**Exercise**
What you return should be each line of the data containing the string "from".

**** Recorded information ****

(* In a network satisfying (H1) and (H2), let $Y+S_0\rightleftarrows U_1\to Y+S_1\rightleftarrows\cdots\rightleftarrows U_L\to Y+S_L$ ($L\ge1$) be a connected component with rate constants $a_j,b_j,c_j$ as in the context. Fix $1\le n\le L$ and $0\le k\le n-1$. Let $\ell$ be the minimal positive integer such that a monomial $y^r u_{n-k}$ with some $r\ge0$ appears in $s_n^{(\ell)}$. Then $\ell=2k+1$, $r=k$, and the coefficient of $y^k u_{n-k}$ in $s_n^{(2k+1)}$ is \[c_{n-k}\prod_{j=0}^{k-1}a_{n-j}\,c_{n-j}\] (the empty product being $1$).
   Context: Species are capital letters, concentrations lower-case letters. Mass-action system: $\dot{\mathbf{x}}=\sum_{y\to y'}k_{yy'}\mathbf{x}^y(y'-y)$, rates $k_{yy'}>0$. Total derivative: $\dot\varphi=\sum_i\frac{\partial\varphi}{\partial x_i}\dot x_i$ with $\dot x_i$ replaced by the right-hand side; $\varphi^{(\ell)}$ the $\ell$-th iterate, a polynomial in concentrations with coefficients polynomial in the rate constants; a monomial appears if its coefficient is nonzero. (H1) Every connected component has the form $Y+S_0\rightleftarrows U_1\to\cdots\rightleftarrows U_L\to Y+S_L$: reactions $Y+S_{j-1}\to U_j$ (rate $a_j$), $U_j\to Y+S_{j-1}$ (rate $b_j$), $U_j\to Y+S_j$ (rate $c_j$); unique enzyme $Y$; intermediates distinct throughout the network; non-intermediates of a component pairwise distinct but may appear in other components; each complex in a unique component. $\mathscr{S}_U$ = substrates/products of the component of intermediate $U$. (H2) A partition $\mathscr{S}^{(0)}\sqcup\cdots\sqcup\mathscr{S}^{(M)}$ ($M\ge2$, nonempty, $\mathscr{S}^{(0)}$ the intermediates) with: for each intermediate $U$ with enzyme $Y$, some $\alpha\ge1$ has $\mathscr{S}_U\subseteq\mathscr{S}^{(\alpha)}$, $Y\notin\mathscr{S}^{(\alpha)}$. *)

theory Defs
  imports Complex_Main "HOL-Library.Poly_Mapping"
begin

text \<open>Complexes are finitely supported multisets of species ('s \<Rightarrow>0 nat).
Polynomials in the concentrations are finitely supported maps from monomials
(exponent vectors, again 's \<Rightarrow>0 nat) to real coefficients.\<close>

type_synonym 's cplx = "'s \<Rightarrow>\<^sub>0 nat"
type_synonym 's mpoly = "('s \<Rightarrow>\<^sub>0 nat) \<Rightarrow>\<^sub>0 real"

definition var :: "'s \<Rightarrow> 's mpoly" where
  "var s = Poly_Mapping.single (Poly_Mapping.single s 1) 1"

definition coeff :: "'s mpoly \<Rightarrow> ('s \<Rightarrow>\<^sub>0 nat) \<Rightarrow> real" where
  "coeff p m = Poly_Mapping.lookup p m"

definition pderiv_var :: "'s \<Rightarrow> 's mpoly \<Rightarrow> 's mpoly" where
  "pderiv_var i p = (\<Sum>m\<in>Poly_Mapping.keys p.
     Poly_Mapping.single (m - Poly_Mapping.single i 1) (real (Poly_Mapping.lookup m i) * Poly_Mapping.lookup p m))"

definition species :: "('s cplx \<times> 's cplx) set \<Rightarrow> 's set" where
  "species R = (\<Union>(y, y')\<in>R. Poly_Mapping.keys y \<union> Poly_Mapping.keys y')"

definition ma_rhs :: "('s cplx \<times> 's cplx) set \<Rightarrow> ('s cplx \<times> 's cplx \<Rightarrow> real) \<Rightarrow> 's \<Rightarrow> 's mpoly" where
  "ma_rhs R k i = (\<Sum>(y, y')\<in>R.
     Poly_Mapping.single y (k (y, y') * (real (Poly_Mapping.lookup y' i) - real (Poly_Mapping.lookup y i))))"

text \<open>Total derivative along the mass-action system. Summing over the species of the
network suffices for polynomials in those species; for species outside the network the
right-hand side is zero anyway.\<close>
definition total_deriv :: "('s cplx \<times> 's cplx) set \<Rightarrow> ('s cplx \<times> 's cplx \<Rightarrow> real) \<Rightarrow> 's mpoly \<Rightarrow> 's mpoly" where
  "total_deriv R k p = (\<Sum>i\<in>species R. pderiv_var i p * ma_rhs R k i)"

definition cpair :: "'s \<Rightarrow> 's \<Rightarrow> 's cplx" where
  "cpair Y S = Poly_Mapping.single Y 1 + Poly_Mapping.single S 1"

definition csing :: "'s \<Rightarrow> 's cplx" where
  "csing U = Poly_Mapping.single U 1"

text \<open>Reactions of the network built from components indexed by C: component c has
enzyme E c, substrates/products Sb c 0, ..., Sb c (L c), intermediates Ui c 1, ..., Ui c (L c).\<close>
definition chain_network ::
  "'c set \<Rightarrow> ('c \<Rightarrow> 's) \<Rightarrow> ('c \<Rightarrow> nat) \<Rightarrow> ('c \<Rightarrow> nat \<Rightarrow> 's) \<Rightarrow> ('c \<Rightarrow> nat \<Rightarrow> 's)
    \<Rightarrow> ('s cplx \<times> 's cplx) set" where
  "chain_network C E L Sb Ui = (\<Union>c\<in>C. \<Union>j\<in>{1..L c}.
      {(cpair (E c) (Sb c (j - 1)), csing (Ui c j)),
       (csing (Ui c j), cpair (E c) (Sb c (j - 1))),
       (csing (Ui c j), cpair (E c) (Sb c j))})"

definition H1 ::
  "'c set \<Rightarrow> ('c \<Rightarrow> 's) \<Rightarrow> ('c \<Rightarrow> nat) \<Rightarrow> ('c \<Rightarrow> nat \<Rightarrow> 's) \<Rightarrow> ('c \<Rightarrow> nat \<Rightarrow> 's) \<Rightarrow> bool" where
  "H1 C E L Sb Ui \<longleftrightarrow>
     finite C \<and>
     (\<forall>c\<in>C. L c \<ge> 1) \<and>
     \<comment> \<open>intermediates are distinct throughout the network\<close>
     inj_on (\<lambda>(c, j). Ui c j) {(c, j). c \<in> C \<and> j \<in> {1..L c}} \<and>
     \<comment> \<open>intermediates are not enzymes or substrates/products of any component\<close>
     (\<forall>c\<in>C. \<forall>j\<in>{1..L c}. \<forall>c'\<in>C. Ui c j \<noteq> E c' \<and> Ui c j \<notin> Sb c' ` {0..L c'}) \<and>
     \<comment> \<open>non-intermediates of a component are pairwise distinct\<close>
     (\<forall>c\<in>C. inj_on (Sb c) {0..L c} \<and> E c \<notin> Sb c ` {0..L c}) \<and>
     \<comment> \<open>each complex lies in a unique component\<close>
     (\<forall>c\<in>C. \<forall>c'\<in>C. \<forall>j\<in>{0..L c}. \<forall>j'\<in>{0..L c'}.
         c \<noteq> c' \<longrightarrow> cpair (E c) (Sb c j) \<noteq> cpair (E c') (Sb c' j'))"
text \<open>IND-CPA experiment. The adversary is a pair of PPT algorithms (A1, A2):
  A1 on pk outputs VPair (VPair m0 m1) st, A2 on VPair st ct outputs its guess.\<close>
definition ind_exp :: "scheme \<Rightarrow> alg \<Rightarrow> alg \<Rightarrow> bool \<Rightarrow> nat \<Rightarrow> val pmf" where
  "ind_exp S A1 A2 b n =
     bind_pmf (KeyGen S n) (\<lambda>(sk, pk).
     bind_pmf (A1 n pk) (\<lambda>out.
     bind_pmf (Enc S n (VPair pk (if b then vsnd (vfst out) else vfst (vfst out)))) (\<lambda>ct.
     A2 n (VPair (vsnd out) ct))))"

definition ind_cpa :: "alg set \<Rightarrow> scheme \<Rightarrow> bool" where
  "ind_cpa E S \<longleftrightarrow> (\<forall>A1\<in>E. \<forall>A2\<in>E.
     negligible (\<lambda>n. \<bar>pmf (ind_exp S A1 A2 False n) vone - pmf (ind_exp S A1 A2 True n) vone\<bar>))"

record bridge =
  iota :: "val \<Rightarrow> val"
  FindSK :: alg     \<comment> \<open>input VPair sk1 pk1, output sk2\<close>
  PKGen2 :: alg     \<comment> \<open>input sk2, output pk2 (key generation of S2)\<close>
  BKGen :: alg      \<comment> \<open>input VPair (VPair sk1 pk1) (VPair sk2 pk2), output bk\<close>
  fmap :: alg       \<comment> \<open>the algorithm f, input VPair bk c1\<close>

definition bkg :: "scheme \<Rightarrow> bridge \<Rightarrow> nat \<Rightarrow> (val \<times> val \<times> val \<times> val \<times> val) pmf" where
  "bkg S1 B n =
     bind_pmf (KeyGen S1 n) (\<lambda>(sk1, pk1).
     bind_pmf (FindSK B n (VPair sk1 pk1)) (\<lambda>sk2.
     bind_pmf (PKGen2 B n sk2) (\<lambda>pk2.
     bind_pmf (BKGen B n (VPair (VPair sk1 pk1) (VPair sk2 pk2))) (\<lambda>bk.
     return_pmf (sk1, pk1, sk2, pk2, bk)))))"

definition bridge_correct_prob :: "scheme \<Rightarrow> scheme \<Rightarrow> bridge \<Rightarrow> nat \<Rightarrow> real" where
  "bridge_correct_prob S1 S2 B n = pmf
     (bind_pmf (bkg S1 B n) (\<lambda>(sk1, pk1, sk2, pk2, bk).
      bind_pmf (pmf_of_set (Ptxt S1)) (\<lambda>m.
      bind_pmf (Enc S1 n (VPair pk1 m)) (\<lambda>c1.
      bind_pmf (fmap B n (VPair bk c1)) (\<lambda>c2.
      bind_pmf (Dec S2 n (VPair sk2 c2)) (\<lambda>m'. return_pmf (m' = iota B m))))))) True"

****

**Result for this exercise**
Polynomials in the concentrations are finitely supported maps from monomials
text \<open>Reactions of the network built from components indexed by C: component c has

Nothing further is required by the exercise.